Simultaneously: In the commercial sector many buildings are empty, with remote employees moving to rural areas, but what The Harvest Group is hearing throughout the country is that many commercial buildings will stay empty. Many employees will stay remote after the pandemic is over. Some companies are even paying to hardwire their private network to employees’ homes; that’s not something you do for a short-term fix. Landscapers maintaining these need to watch out; the budget slash is coming. It may be smart to have a market mix, picking up some high-end residential or medical facilities, which will both be huge in the years ahead. Hospitals are prime targets now, as far as I’m concerned; fight for them hard.

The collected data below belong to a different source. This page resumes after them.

lemma l1_deviation_event_tendsto_0:
  fixes P Q :: "nat \<Rightarrow> (nat \<Rightarrow> real) measure"
  assumes prob_P: "\<And>d. prob_space (P d)" and prob_Q: "\<And>d. prob_space (Q d)"
    and sets_P: "\<And>d. sets (P d) = sets (PiM {..<d} (\<lambda>_. borel))"
    and sets_Q: "\<And>d. sets (Q d) = sets (PiM {..<d} (\<lambda>_. borel))"
    and P2: "\<exists>C. \<forall>d. \<forall>q<d. integrable (P d) (\<lambda>x. (x q)^2) \<and> (\<integral>x. (x q)^2 \<partial>P d) \<le> C"
    and Q2: "\<exists>C. \<forall>d. \<forall>q<d. integrable (Q d) (\<lambda>x. (x q)^2) \<and> (\<integral>x. (x q)^2 \<partial>Q d) \<le> C"
    and corr: "(\<lambda>d. abs_corr_sum d (P d) (Q d) / (real d)^2) \<longlonglongrightarrow> 0"
    and avg: "(\<lambda>d. mad_avg d (P d) (Q d)) \<longlonglongrightarrow> \<tau>"
    and e: "0 < \<epsilon>"
  shows "(\<lambda>d. measure (P d \<Otimes>\<^sub>M Q d) (l1_deviation_event d \<tau> \<epsilon> (P d) (Q d))) \<longlonglongrightarrow> 0"
proof -
  from P2 Q2 obtain C\<^sub>P C\<^sub>Q where
    P2: "\<And>d. \<forall>q<d. integrable (P d) (\<lambda>x. (x q)^2) \<and> (\<integral>x. (x q)^2 \<partial>P d) \<le> C\<^sub>P" and
    Q2: "\<And>d. \<forall>q<d. integrable (Q d) (\<lambda>x. (x q)^2) \<and> (\<integral>x. (x q)^2 \<partial>Q d) \<le> C\<^sub>Q"
    by blast
  have prob: "pair_prob_space (P d) (Q d)" for d
    using prob_P prob_Q by (simp add: pair_prob_space_def pair_sigma_finite_def prob_space_imp_sigma_finite)
  define c where "c = 8 * (C\<^sub>P + C\<^sub>Q) / \<epsilon>^2"
  show ?thesis
  proof (rule tendsto_sandwich[OF _ _ tendsto_const])
    show "(\<lambda>d. c / real d + c * (abs_corr_sum d (P d) (Q d) / (real d)^2)) \<longlonglongrightarrow> 0"
      using tendsto_add[OF lim_const_over_n tendsto_mult[OF tendsto_const corr]] by simp
    show "\<forall>\<^sub>F d in sequentially. 0 \<le> measure (P d \<Otimes>\<^sub>M Q d) (l1_deviation_event d \<tau> \<epsilon> (P d) (Q d))"
      by simp
    have "\<forall>\<^sub>F d in sequentially. \<bar>mad_avg d (P d) (Q d) - \<tau>\<bar> < \<epsilon> / 2"
      using avg[unfolded tendsto_iff dist_real_def, rule_format, of "\<epsilon> / 2"] e by simp
    then show "\<forall>\<^sub>F d in sequentially. measure (P d \<Otimes>\<^sub>M Q d) (l1_deviation_event d \<tau> \<epsilon> (P d) (Q d))
        \<le> c / real d + c * (abs_corr_sum d (P d) (Q d) / (real d)^2)"
      using eventually_gt_at_top[of 0]
    proof eventually_elim
      case (elim d)
      interpret pair_prob_space "P d" "Q d" by (rule prob)
      have "(\<Sum>q<d. mad (P d) (Q d) q) - real d * \<tau> = real d * (mad_avg d (P d) (Q d) - \<tau>)"
        using elim by (simp add: mad_avg_def field_simps)
      then have "\<bar>(\<Sum>q<d. mad (P d) (Q d) q) - real d * \<tau>\<bar> \<le> real d * \<epsilon> / 2"
        using elim by (simp add: abs_mult mult_left_mono)
      from l1_deviation_event_subset[OF this]
      have "measure (P d \<Otimes>\<^sub>M Q d) (l1_deviation_event d \<tau> \<epsilon> (P d) (Q d))
          \<le> measure (P d \<Otimes>\<^sub>M Q d) {p \<in> space (P d \<Otimes>\<^sub>M Q d).
               real d * \<epsilon> / 2 \<le> \<bar>l1dist d (fst p) (snd p) - (\<Sum>q<d. mad (P d) (Q d) q)\<bar>}"
        using borel_measurable_l1dist_pair[OF sets_P sets_Q] by (intro finite_measure_mono) measurable
      also have "\<dots> \<le> (2 * (C\<^sub>P + C\<^sub>Q) * real d + 2 * (C\<^sub>P + C\<^sub>Q) * abs_corr_sum d (P d) (Q d))
          / (real d * \<epsilon> / 2)^2"
        using elim e by (intro prob_l1dist_deviation_le prob sets_P sets_Q P2 Q2) auto
      also have "\<dots> = c / real d + c * (abs_corr_sum d (P d) (Q d) / (real d)^2)"
        using elim e by (simp add: c_def field_simps power2_eq_square)
      finally show ?case .
    qed
  qed
qed

section \<open>The MDist1 decision when all distances concentrate\<close>

lemma abs_Min_image_diff_le:
  fixes f :: "'a \<Rightarrow> real"
  assumes "finite A" "A \<noteq> {}" "\<And>a. a \<in> A \<Longrightarrow> \<bar>f a - m\<bar> \<le> r"
  shows "\<bar>Min (f ` A) - m\<bar> \<le> r"
proof -
  have "Min (f ` A) \<in> f ` A" using assms(1,2) by (intro Min_in) auto
  then show ?thesis using assms(3) by auto
qed

lemma test_features_close:
  assumes "1 \<le> n k" "\<And>l. l \<in> {1..n k} \<Longrightarrow> \<bar>l1dist d z (x (k, l)) - m\<bar> \<le> r"
  shows "\<bar>test_features d n x z k - m\<bar> \<le> r"
  unfolding test_features_def using assms by (intro abs_Min_image_diff_le) auto

lemma train_features_close:
  assumes "2 \<le> n k"
    and "\<And>l'. l' \<in> {1..n k} \<Longrightarrow> (k, l') \<noteq> (i, l) \<Longrightarrow> \<bar>l1dist d (x (i, l)) (x (k, l')) - m\<bar> \<le> r"
  shows "\<bar>train_features d n x (i, l) k - m\<bar> \<le> r"
proof -
  have "(if l = 1 then 2 else 1) \<in> {l' \<in> {1..n k}. (k, l') \<noteq> (i, l)}"
    using assms(1) by auto
  then show ?thesis
    unfolding train_features_def using assms(2) by (intro abs_Min_image_diff_le) auto
qed

lemma abs_le_feat_dist:
  assumes "k \<in> {1..J}"
  shows "\<bar>a k - b k\<bar> \<le> feat_dist J a b"
proof -
  have "(a k - b k)^2 \<le> (\<Sum>k\<in>{1..J}. (a k - b k)^2)"
    using assms by (intro member_le_sum) auto
  then show ?thesis
    unfolding feat_dist_def using real_sqrt_le_mono by fastforce
qed

lemma feat_dist_le:
  assumes "0 \<le> t" and "\<And>k. k \<in> {1..J} \<Longrightarrow> \<bar>a k - b k\<bar> \<le> t"
  shows "feat_dist J a b \<le> real J * t"
proof -
  have "(\<Sum>k\<in>{1..J}. (a k - b k)^2) \<le> (\<Sum>k\<in>{1..J}. t^2)"
    using assms by (intro sum_mono) (metis abs_ge_zero power2_abs power_mono)
  also have "\<dots> \<le> (real J * real J) * t^2"
    using le_square[of J] by (simp del: of_nat_mult add: of_nat_mult[symmetric] mult_right_mono)
  also have "\<dots> = (real J * t)^2"
    by (simp add: power_mult_distrib power2_eq_square)
  finally show ?thesis
    unfolding feat_dist_def using assms(1) real_sqrt_le_mono by fastforce
qed

text \<open>Observations are indexed by \<open>None\<close> for the test point and by \<open>Some (k, l)\<close>
  for the training point \<open>X\<^sub>k\<^sub>l\<close>.\<close>

definition observations :: "nat \<Rightarrow> (nat \<Rightarrow> nat) \<Rightarrow> (nat \<times> nat) option set" where
  "observations J n = insert None (Some ` (SIGMA k:{1..J}. {1..n k}))"

definition observation ::
  "(nat \<times> nat) option \<Rightarrow> (nat \<times> nat \<Rightarrow> nat \<Rightarrow> real) \<times> (nat \<Rightarrow> real) \<Rightarrow> nat \<Rightarrow> real" where
  "observation a \<omega> = (case a of None \<Rightarrow> snd \<omega> | Some s \<Rightarrow> fst \<omega> s)"

definition observation_class :: "nat \<Rightarrow> (nat \<times> nat) option \<Rightarrow> nat" where
  "observation_class j0 a = (case a of None \<Rightarrow> j0 | Some s \<Rightarrow> fst s)"

lemma observation_simps [simp]:
  "observation None \<omega> = snd \<omega>" "observation (Some s) \<omega> = fst \<omega> s"
  "observation_class j0 None = j0" "observation_class j0 (Some (k, l)) = k"
  by (simp_all add: observation_def observation_class_def)

lemma mem_observations [simp]:
  "None \<in> observations J n" "Some (k, l) \<in> observations J n \<longleftrightarrow> k \<in> {1..J} \<and> l \<in> {1..n k}"
  by (auto simp: observations_def)

lemma observation_class_in:
  "j0 \<in> {1..J} \<Longrightarrow> a \<in> observations J n \<Longrightarrow> observation_class j0 a \<in> {1..J}"
  by (auto simp: observations_def)

lemma finite_observations: "finite (observations J n)"
  by (simp add: observations_def)

lemma not_misclassified_if_l1dists_close:
  fixes x :: "nat \<times> nat \<Rightarrow> nat \<Rightarrow> real" and z :: "nat \<Rightarrow> real"
  assumes n: "\<forall>j\<in>{1..J}. n j \<ge> 2" and j0: "j0 \<in> {1..J}" and c: "0 < c"
    and close: "\<And>a b. a \<in> observations J n \<Longrightarrow> b \<in> observations J n \<Longrightarrow> a \<noteq> b \<Longrightarrow>
      \<bar>l1dist d (observation a (x, z)) (observation b (x, z))
        - c * \<tau> (observation_class j0 a) (observation_class j0 b)\<bar> \<le> c * \<epsilon>"
    and gap: "\<And>i. i \<in> {1..J} \<Longrightarrow> i \<noteq> j0 \<Longrightarrow> 4 * (real J + 1) * \<epsilon> < 2 * \<tau> j0 i - \<tau> j0 j0 - \<tau> i i"
  shows "\<not> mdist1_misclassified d J n x z j0"
proof
  define tf where "tf = test_features d n x z"
  define g where "g = train_features d n x"
  have n2: "2 \<le> n k" if "k \<in> {1..J}" for k
    using n that by blast
  have tf: "\<bar>tf k - c * \<tau> j0 k\<bar> \<le> c * \<epsilon>" if k: "k \<in> {1..J}" for k
    unfolding tf_def using n2[OF k] k close[of None "Some (k, _)"]
    by (intro test_features_close) auto
  have g: "\<bar>g (i, l) k - c * \<tau> i k\<bar> \<le> c * \<epsilon>" "\<bar>g (i, l) k - c * \<tau> k i\<bar> \<le> c * \<epsilon>"
    if i: "i \<in> {1..J}" and l: "l \<in> {1..n i}" and k: "k \<in> {1..J}" for i l k
  proof -
    have "\<bar>l1dist d (x (i, l)) (x (k, l')) - c * \<tau> i k\<bar> \<le> c * \<epsilon>"
      "\<bar>l1dist d (x (i, l)) (x (k, l')) - c * \<tau> k i\<bar> \<le> c * \<epsilon>"
      if "l' \<in> {1..n k}" "(k, l') \<noteq> (i, l)" for l'
      using close[of "Some (i, l)" "Some (k, l')"] close[of "Some (k, l')" "Some (i, l)"] i l k that
      by (auto simp: l1dist_commute)
    then show "\<bar>g (i, l) k - c * \<tau> i k\<bar> \<le> c * \<epsilon>" "\<bar>g (i, l) k - c * \<tau> k i\<bar> \<le> c * \<epsilon>"
      unfolding g_def using n2[OF k] by (blast intro: train_features_close)+
  qed
  have "0 \<le> c * \<epsilon>" using tf[OF j0] by linarith
  then have own: "feat_dist J tf (g (j0, l)) \<le> real J * (2 * (c * \<epsilon>))" if "l \<in> {1..n j0}" for l
    using tf g(1)[OF j0 that] by (intro feat_dist_le) (fastforce simp: abs_le_iff)+
  have other: "c * (2 * \<tau> j0 i - \<tau> j0 j0 - \<tau> i i) - 4 * (c * \<epsilon>) \<le> 2 * feat_dist J tf (g (i, l))"
    if i: "i \<in> {1..J}" and l: "l \<in> {1..n i}" for i l
    using tf[OF i] tf[OF j0] g(1)[OF i l i] g(2)[OF i l j0]
      abs_le_feat_dist[OF i, of tf "g (i, l)"] abs_le_feat_dist[OF j0, of tf "g (i, l)"]
    by (simp add: abs_le_iff algebra_simps)
  assume "mdist1_misclassified d J n x z j0"
  then obtain i l where i: "i \<in> {1..J}" "i \<noteq> j0" and l: "l \<in> {1..n i}"
    and nearer: "feat_dist J tf (g (i, l)) \<le> feat_dist J tf (g (j0, 1))"
    using n j0 unfolding mdist1_misclassified_def tf_def g_def by fastforce
  have "1 \<in> {1..n j0}" using n2[OF j0] by simp
  then have "feat_dist J tf (g (i, l)) \<le> 2 * (real J * (c * \<epsilon>))"
    using own nearer by fastforce
  moreover have "c * (4 * (real J + 1) * \<epsilon>) < c * (2 * \<tau> j0 i - \<tau> j0 j0 - \<tau> i i)"
    using gap[OF i] c by simp
  then have "4 * (real J * (c * \<epsilon>)) + 4 * (c * \<epsilon>) < c * (2 * \<tau> j0 i - \<tau> j0 j0 - \<tau> i i)"
    by (simp add: algebra_simps)
  ultimately show False
    using other[OF i(1) l] by linarith
qed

I also just don’t see the field labor market getting better short-term, since neither party seems eager to restore bringing in foreigners to work. Companies can still grow right now, but you’ll need a really sophisticated, well-thought-out recruiting program.
The good news is the management talent you need is out there. Many professionals are coming out of other industries and joining landscapers – teachers, property managers – to become salespeople and account managers. My plan with all of my clients is to entice them strategically with solid culture, pay, unique benefits, career opportunity, and a great vision worth joining.